Data is king in today’s world, as companies need data to gain insights and an advantage over their competitors. A common challenge with data is that there is simply too much of it, and companies do not know where to start. Data can be spread across various disconnected systems and technologies, from databases to spreadsheets to file systems, etc. Additionally, all of the formats can be quite different also (structured and unstructured), which is another challenge!
To have any hope of getting this data together and analyzing it, a centralized solution is required, and this is where the concept of a Data Lake comes in.
A Data Lake is often defined as:
“ .. a centralized repository that allows you to store all your structured and unstructured data at any scale. You can store your data as-is, without having first to structure the data, and run different types of analytics — from dashboards and visualizations to big data processing, real-time analytics, and machine learning to guide better decisions.”
The advantages of a data lake are many such as:
- Improved insight into customers allows companies to focus their strategies better.
- Ability to test products using huge amounts of historical data. Companies can actually test the chances of a product succeeding by checking historical data via analysis tools.
- Reducing costs as a Data Lake will enable them to identify where possible inefficiencies are present in their operational processes.
- Empower Machine Learning and A.I. systems which require large amounts of data to train their models
How do Data Lakes work?
Before we get into securing a Data Lake, let us take a look at its essential components:
- Data movement and ingestion: A Data Lake consumes and ingests data from various sources in real-time, and this process is usually automated without human intervention. These data sources can include mobile devices, apps, databases, and even social media analytics!
- Data Storage: The data is stored in massive data stores and tagged, cataloged, and indexed so it can be easily queried later.
- Data Analytics: The key benefit of a data lake is that massive amounts of data can be analyzed across the company by using a variety of tools to gain deep insights into how the company is performing. Additionally, machine learning tools can leverage this massive data to automate decision-making and provide recommendations to management.
Due to the massive amount of processing and storage that is required for data lakes to function properly, cloud environments are typically the best suited for such solutions. A data lake can be hosted on-prem; however, the cost and logistics can be quite heavy for most companies. Additionally, cloud providers also provide managed services for Data Lakes in which most of the complexities are hidden away from the customer, and they can focus on the data ingestion and analysis parts which can be a huge time saver.
Let us now look at the security aspects of Cloud Data Lakes, for which we will use AWS as an example, as it is the most popular and well-used platform. However, most of these suggestions can be applied to any cloud environment.
AWS Cloud Data Lake Security
The key driving force behind any data lake is, of course, data, and this is where security efforts should be focused. Data should be secure across all touchpoints, from ingestion to processing to storage, so that no unauthorized access can occur.
Cloud security professionals should begin with a risk assessment of the data lake environment, so they identify the entry points where data is being ingested.
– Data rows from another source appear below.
(* Let $\Phi$ be a channel matrix whose rows $P^1,\dots,P^4\in\Delta^n$ are in general position, let $Q^0$ be the equidistant point from $P^1,\dots,P^4$ with barycentric coordinate $\boldsymbol\lambda^0$, and suppose $\lambda^0_1<0$, $\lambda^0_2<0$, $\lambda^0_3\ge0$, $\lambda^0_4\ge0$. Let $Q^{1(1)}=\pi(Q^0|L(P^2,P^3,P^4))$ and $Q^{1(2)}=\pi(Q^0|L(P^1,P^3,P^4))$ with barycentric coordinates $\boldsymbol\lambda^{1(1)},\boldsymbol\lambda^{1(2)}$ about $P^1,\dots,P^4$, and suppose $\lambda^{1(2)}_1<0$. If moreover $\lambda^{1(1)}_2,\lambda^{1(1)}_3,\lambda^{1(1)}_4\ge0$, then the output distribution achieving the channel capacity is $Q^\ast=Q^{1(1)}$ and the channel capacity is $C=D(P^2\|Q^{1(1)})$.
   Context: $\Delta^n=\{Q:Q_j>0,\sum_jQ_j=1\}$, $\bar\Delta^m=\{\boldsymbol\lambda:\lambda_i\ge0,\sum_i\lambda_i=1\}$; $D(Q\|Q')=\sum_jQ_j\log(Q_j/Q'_j)$. Rows are in general position if $P^2-P^1,\dots,P^m-P^1$ are linearly independent. $L(S^1,\dots,S^r)=\{\sum_i\lambda_iS^i:\sum_i\lambda_i=1\}\cap\Delta^n$; for such an affine subspace $L$, $\pi(Q'|L)$ is the unique $Q\in L$ minimizing $D(Q\|Q')$. The barycentric coordinate of $Q\in L(P^1,\dots,P^m)$ is the unique $\boldsymbol\lambda$ with $\sum_i\lambda_i=1$, $Q=\sum_i\lambda_iP^i$. The equidistant point is the unique $Q^0\in L(P^1,\dots,P^m)$ with all $D(P^i\|Q^0)$ equal. Mutual information $I(\boldsymbol\lambda,\Phi)=\sum_{i,j}\lambda_iP^i_j\log(P^i_j/Q_j)$ with $Q=\boldsymbol\lambda\Phi$; capacity $C=\max_{\boldsymbol\lambda\in\bar\Delta^m}I(\boldsymbol\lambda,\Phi)$; the capacity-achieving output distribution is $Q^\ast=\boldsymbol\lambda^\ast\Phi$ for a maximizer $\boldsymbol\lambda^\ast$ (unique). *)

theory Defs
  imports "HOL-Analysis.Analysis"
begin

text \<open>Channel with rows P 1, ..., P m (indices 1..m), each a vector in real^'n.\<close>

definition open_simplex :: "(real ^ 'n) set" where
  "open_simplex = {Q. (\<forall>j. Q $ j > 0) \<and> (\<Sum>j\<in>UNIV. Q $ j) = 1}"

definition closed_simplex :: "nat \<Rightarrow> (nat \<Rightarrow> real) set" where
  "closed_simplex m = {lam. (\<forall>i\<in>{1..m}. lam i \<ge> 0) \<and> (\<Sum>i\<in>{1..m}. lam i) = 1}"

definition KL :: "real ^ 'n \<Rightarrow> real ^ 'n \<Rightarrow> real" where
  "KL Q Q' = (\<Sum>j\<in>UNIV. Q $ j * ln (Q $ j / Q' $ j))"

definition general_position :: "nat \<Rightarrow> (nat \<Rightarrow> real ^ 'n) \<Rightarrow> bool" where
  "general_position m P \<longleftrightarrow>
     (\<forall>c. (\<Sum>i\<in>{2..m}. c i *\<^sub>R (P i - P 1)) = 0 \<longrightarrow> (\<forall>i\<in>{2..m}. c i = 0))"

definition affL :: "(nat \<Rightarrow> real ^ 'n) \<Rightarrow> nat set \<Rightarrow> (real ^ 'n) set" where
  "affL S I = {Q. \<exists>c. (\<Sum>i\<in>I. c i) = 1 \<and> Q = (\<Sum>i\<in>I. c i *\<^sub>R S i)} \<inter> open_simplex"

definition is_proj :: "real ^ 'n \<Rightarrow> (real ^ 'n) set \<Rightarrow> real ^ 'n \<Rightarrow> bool" where
  "is_proj Q' L Q \<longleftrightarrow> Q \<in> L \<and> (\<forall>R\<in>L. KL Q Q' \<le> KL R Q')"

definition is_bary :: "nat \<Rightarrow> (nat \<Rightarrow> real ^ 'n) \<Rightarrow> real ^ 'n \<Rightarrow> (nat \<Rightarrow> real) \<Rightarrow> bool" where
  "is_bary m P Q lam \<longleftrightarrow> (\<Sum>i\<in>{1..m}. lam i) = 1 \<and> Q = (\<Sum>i\<in>{1..m}. lam i *\<^sub>R P i)"

definition is_equidistant :: "nat \<Rightarrow> (nat \<Rightarrow> real ^ 'n) \<Rightarrow> real ^ 'n \<Rightarrow> bool" where
  "is_equidistant m P Q \<longleftrightarrow> Q \<in> affL P {1..m} \<and> (\<forall>i\<in>{1..m}. \<forall>k\<in>{1..m}. KL (P i) Q = KL (P k) Q)"

definition out_dist :: "nat \<Rightarrow> (nat \<Rightarrow> real ^ 'n) \<Rightarrow> (nat \<Rightarrow> real) \<Rightarrow> real ^ 'n" where
  "out_dist m P lam = (\<Sum>i\<in>{1..m}. lam i *\<^sub>R P i)"

definition mutual_info :: "nat \<Rightarrow> (nat \<Rightarrow> real ^ 'n) \<Rightarrow> (nat \<Rightarrow> real) \<Rightarrow> real" where
  "mutual_info m P lam =
     (\<Sum>i\<in>{1..m}. \<Sum>j\<in>UNIV. lam i * P i $ j * ln (P i $ j / out_dist m P lam $ j))"

definition capacity :: "nat \<Rightarrow> (nat \<Rightarrow> real ^ 'n) \<Rightarrow> real" where
  "capacity m P = (SUP lam\<in>closed_simplex m. mutual_info m P lam)"

definition is_capacity_achieving :: "nat \<Rightarrow> (nat \<Rightarrow> real ^ 'n) \<Rightarrow> (nat \<Rightarrow> real) \<Rightarrow> bool" where
  "is_capacity_achieving m P lam \<longleftrightarrow> lam \<in> closed_simplex m \<and>
     (\<forall>mu\<in>closed_simplex m. mutual_info m P mu \<le> mutual_info m P lam)"

end

theory Submission
  imports Defs
begin

text \<open>Write \<open>C = D(P2 || Q11)\<close>. Since \<open>Q11\<close> is the I-projection of \<open>Q0\<close> onto the face
  \<open>L(P2, P3, P4)\<close>, the Pythagorean identity \<open>D(Pk || Q0) = D(Pk || Q11) + D(Q11 || Q0)\<close>
  holds for \<open>k = 2, 3, 4\<close>, so equidistance from \<open>Q0\<close> makes \<open>P2, P3, P4\<close> equidistant from
  \<open>Q11\<close> at divergence \<open>C\<close>. Evaluating \<open>X \<mapsto> \<Sum>j. X_j log (Q11_j / Q0_j)\<close> on the barycentric
  expansion of \<open>Q0\<close>, the negative weight \<open>lam0_1\<close> gives \<open>D(P1 || Q11) \<le> C\<close>. Now
  \<open>I(\<lambda>) = \<Sum>i. \<lambda>_i D(Pi || Q) - D(\<lambda>\<Phi> || Q)\<close> for every \<open>Q\<close>, so with \<open>Q = Q11\<close> every mutual
  information is at most \<open>C\<close>, with equality only if \<open>\<lambda>\<Phi> = Q11\<close>; and \<open>lam11\<close>, whose first
  coordinate vanishes by general position, is a probability vector attaining \<open>C\<close>.\<close>

lemma open_simplexD:
  assumes "Q \<in> open_simplex"
  shows "0 < Q $ j" and "(\<Sum>j\<in>UNIV. Q $ j) = 1"
  using assms by (auto simp: open_simplex_def)

lemma diff_le_mult_ln_div:
  fixes q r :: real assumes "q > 0" "r > 0"
  shows "q - r \<le> q * ln (q / r)" and "r \<noteq> q \<Longrightarrow> q - r < q * ln (q / r)"
proof -
  have flip: "q * ln (q / r) = - (q * ln (r / q))"
    using assms by (simp add: ln_div algebra_simps)
  have lin: "q * (r / q - 1) = r - q" using assms by (simp add: field_simps)
  have le: "ln (r / q) \<le> r / q - 1" using assms by (intro ln_le_minus_one) simp
  then have "q * ln (r / q) \<le> q * (r / q - 1)" using assms by (intro mult_left_mono) auto
  then show "q - r \<le> q * ln (q / r)" using flip lin by linarith
  assume "r \<noteq> q"
  then have "ln (r / q) \<noteq> r / q - 1" using assms ln_eq_minus_one[of "r / q"] by auto
  then have "q * ln (r / q) < q * (r / q - 1)"
    using le assms by (intro mult_strict_left_mono) auto
  then show "q - r < q * ln (q / r)" using flip lin by linarith
qed
(* For every finite set $\Gamma$ of IPL formulas and every IPL formula $\varphi$: $\Gamma \Vdash^{*} \varphi$ if and only if $\Gamma \vdash \varphi$ (i.e., $\varphi$ is derivable from $\Gamma$ in intuitionistic propositional logic).
   Context: Fix a denumerable set $\mathbb{A}$ of atoms. IPL formulas are built from atoms and $\bot$ using $\wedge,\vee,\to$. An atomic rule has the form $(Q_1\triangleright q_1,\dots,Q_n\triangleright q_n)\Rightarrow q$ with $n\ge 0$, $q,q_i\in\mathbb{A}$ and $Q_i$ finite (possibly empty) sets of atoms. A base is a set of atomic rules; $\mathscr{C}\supseteq\mathscr{B}$ means $\mathscr{C}$ extends $\mathscr{B}$. Derivability $\vdash_{\mathscr{B}}$ (between finite sets of atoms and atoms) is the least relation such that $S\cup\{q\}\vdash_{\mathscr{B}} q$, and if $(Q_1\triangleright q_1,\dots,Q_n\triangleright q_n)\Rightarrow q\in\mathscr{B}$ and $S\cup Q_i\vdash_{\mathscr{B}} q_i$ for all $i$, then $S\vdash_{\mathscr{B}} q$. The relation $\Vdash^{*}_{\mathscr{B}}$ is defined inductively by: (At) $\Vdash^{*}_{\mathscr{B}} p$ iff $\emptyset\vdash_{\mathscr{B}} p$; ($\to$) $\Vdash^{*}_{\mathscr{B}}\varphi\to\psi$ iff $\varphi\Vdash^{*}_{\mathscr{B}}\psi$; ($\wedge^*$) $\Vdash^{*}_{\mathscr{B}}\varphi\wedge\psi$ iff for every $\mathscr{C}\supseteq\mathscr{B}$ and every atom $p$, if $\varphi,\psi\Vdash^{*}_{\mathscr{C}} p$ then $\Vdash^{*}_{\mathscr{C}} p$; ($\vee$) $\Vdash^{*}_{\mathscr{B}}\varphi\vee\psi$ iff for every $\mathscr{C}\supseteq\mathscr{B}$ and every atom $p$, if $\varphi\Vdash^{*}_{\mathscr{C}} p$ and $\psi\Vdash^{*}_{\mathscr{C}} p$ then $\Vdash^{*}_{\mathscr{C}} p$; ($\bot$) $\Vdash^{*}_{\mathscr{B}}\bot$ iff $\Vdash^{*}_{\mathscr{B}} p$ for every atom $p$; (Inf) for nonempty finite $\Gamma$, $\Gamma\Vdash^{*}_{\mathscr{B}}\varphi$ iff for every $\mathscr{C}\supseteq\mathscr{B}$, if $\Vdash^{*}_{\mathscr{C}}\psi$ for all $\psi\in\Gamma$ then $\Vdash^{*}_{\mathscr{C}}\varphi$ (for empty $\Gamma$, $\Gamma\Vdash^{*}_{\mathscr{B}}\varphi$ means $\Vdash^{*}_{\mathscr{B}}\varphi$). Finally $\Gamma\Vdash^{*}\varphi$ iff $\Gamma\Vdash^{*}_{\mathscr{B}}\varphi$ for every base $\mathscr{B}$. *)

theory Defs
  imports Main "HOL-Library.FSet"
begin

type_synonym atom = nat

datatype form =
    Atom atom
  | Bot
  | And form form
  | Or form form
  | Imp form form

text \<open>An atomic rule (Q1|>q1, ..., Qn|>qn) => q, with finite atom sets Qi.\<close>
type_synonym rule = "((atom fset \<times> atom) list) \<times> atom"
type_synonym base = "rule set"

inductive derives :: "base \<Rightarrow> atom set \<Rightarrow> atom \<Rightarrow> bool" where
  ref: "q \<in> S \<Longrightarrow> derives B S q"
| app: "(prems, q) \<in> B \<Longrightarrow> (\<forall>(Qi, qi) \<in> set prems. derives B (S \<union> fset Qi) qi)
        \<Longrightarrow> derives B S q"

text \<open>Support |=*_B phi, with clause ->, /\*, \/ unfolding (Inf) for the
  nonempty contexts {phi}, {phi,psi}.\<close>
fun supp :: "base \<Rightarrow> form \<Rightarrow> bool" where
  "supp B (Atom p) = derives B {} p"
| "supp B Bot = (\<forall>p. derives B {} p)"
| "supp B (Imp \<phi> \<psi>) = (\<forall>C. B \<subseteq> C \<longrightarrow> supp C \<phi> \<longrightarrow> supp C \<psi>)"
| "supp B (And \<phi> \<psi>) =
     (\<forall>C p. B \<subseteq> C \<longrightarrow>
        (\<forall>D. C \<subseteq> D \<longrightarrow> supp D \<phi> \<longrightarrow> supp D \<psi> \<longrightarrow> derives D {} p) \<longrightarrow>
        derives C {} p)"
| "supp B (Or \<phi> \<psi>) =
     (\<forall>C p. B \<subseteq> C \<longrightarrow>
        (\<forall>D. C \<subseteq> D \<longrightarrow> supp D \<phi> \<longrightarrow> derives D {} p) \<longrightarrow>
        (\<forall>D. C \<subseteq> D \<longrightarrow> supp D \<psi> \<longrightarrow> derives D {} p) \<longrightarrow>
        derives C {} p)"

definition supp_cons :: "base \<Rightarrow> form set \<Rightarrow> form \<Rightarrow> bool" where
  "supp_cons B \<Gamma> \<phi> =
     (if \<Gamma> = {} then supp B \<phi>
      else (\<forall>C. B \<subseteq> C \<longrightarrow> (\<forall>\<psi>\<in>\<Gamma>. supp C \<psi>) \<longrightarrow> supp C \<phi>))"

definition valid :: "form set \<Rightarrow> form \<Rightarrow> bool" where
  "valid \<Gamma> \<phi> = (\<forall>B. supp_cons B \<Gamma> \<phi>)"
Special care must also be given to what type of data is being stored. As data lakes give the ability to ingest raw data without any formatting required, it is possible that sensitive information such as PII might get stored without the company’s knowledge. From an AWS perspective, the concept of availability zones should also be understood as data lakes typically store data in S3, which spreads data across multiple availability zones for maximum redundancy.
Once a high-level risk model has been generated, the next focus has to be on access control. Only authorized staff should be able to view, access, and modify aspects of the cloud data lake, and the principle of least privilege has to be enforced across the board.
In AWS Data Lake, S3 is used as the primary storage component, and it has a rich array of features to protect any unauthorized modification or access of the stored data, such as access controls, KMS encryption, versioning, and bucket-based policies.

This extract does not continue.